И лишь когда его схватили под руки два жандарма, схватили несильно, скорее лишь для порядка, потому что он, застывший одеревенелой статуей посреди царившего вокруг хаоса, внушал врагам какое-то смутное беспокойство, если не трепет, как вид человека, фаталистически подчинившегося судьбе (хотя вряд ли они сами осознавали это), а запыхавшийся жандармский офицер с оборванным эполетом, остановившись в полушаге от него, посмотрел ему прямо в глаза, – Сен-Жюст почувствовал, что его рука все эти последние секунды непроизвольно сжимала рукоятку кинжала, торчащую у него из-за пояса.

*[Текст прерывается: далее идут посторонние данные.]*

(* For every $1$-Sperner hypergraph ${\cal H}=(V,{\cal E})$ with ${\cal E}\neq\{\emptyset\}$, the characteristic vectors $\chi^e\in\mathbb{R}^V$ ($e\in{\cal E}$) of its hyperedges are linearly independent.
   Context: A hypergraph ${\cal H}=(V,{\cal E})$ consists of a finite vertex set $V$ and a set ${\cal E}$ of subsets of $V$. It is $1$-Sperner if every two distinct hyperedges $e,f$ satisfy $\min\{|e\setminus f|,|f\setminus e|\}=1$. The characteristic vector $\chi^e\in\{0,1\}^V$ of $e$ has $\chi^e_v=1$ iff $v\in e$. *)

theory Defs
  imports Main "HOL-Library.Indicator_Function"
begin

definition hypergraph :: "'a set \<Rightarrow> 'a set set \<Rightarrow> bool" where
  "hypergraph V E \<longleftrightarrow> finite V \<and> (\<forall>e\<in>E. e \<subseteq> V)"

definition one_sperner :: "'a set set \<Rightarrow> bool" where
  "one_sperner E \<longleftrightarrow>
     (\<forall>e\<in>E. \<forall>f\<in>E. e \<noteq> f \<longrightarrow> min (card (e - f)) (card (f - e)) = 1)"

definition char_vec :: "'a set \<Rightarrow> 'a \<Rightarrow> real" where
  "char_vec e v = (if v \<in> e then 1 else 0)"

definition lin_indep_family :: "'a set \<Rightarrow> 'i set \<Rightarrow> ('i \<Rightarrow> 'a \<Rightarrow> real) \<Rightarrow> bool" where
  "lin_indep_family V I x \<longleftrightarrow>
     (\<forall>c :: 'i \<Rightarrow> real. (\<forall>v\<in>V. (\<Sum>i\<in>I. c i * x i v) = 0) \<longrightarrow> (\<forall>i\<in>I. c i = 0))"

А он даже и не заметил этого, потому что ни о чем не думал, и его рука, взявшаяся за кинжал, действовала чисто механически, подобно тому, как гальванический элемент заставляет сокращаться мышцы трупа.
Точно так же схватили и Дюма, продолжавшего совершенно спокойно сидеть в своем кресле и не пытавшегося сопротивляться, – видимо, бывший председатель Революционного трибунала заразился странной «болезнью» Сен-Жюста, с которым разделял краткое заключение в Экосской тюрьме и еще там первым поразился отстраненности от происходящего фактически уже приговоренного к смерти депутата; и Дюма не сразу, но понял причину состояния Сен-Жюста, понял в самый последний момент и «присоединился» к нему.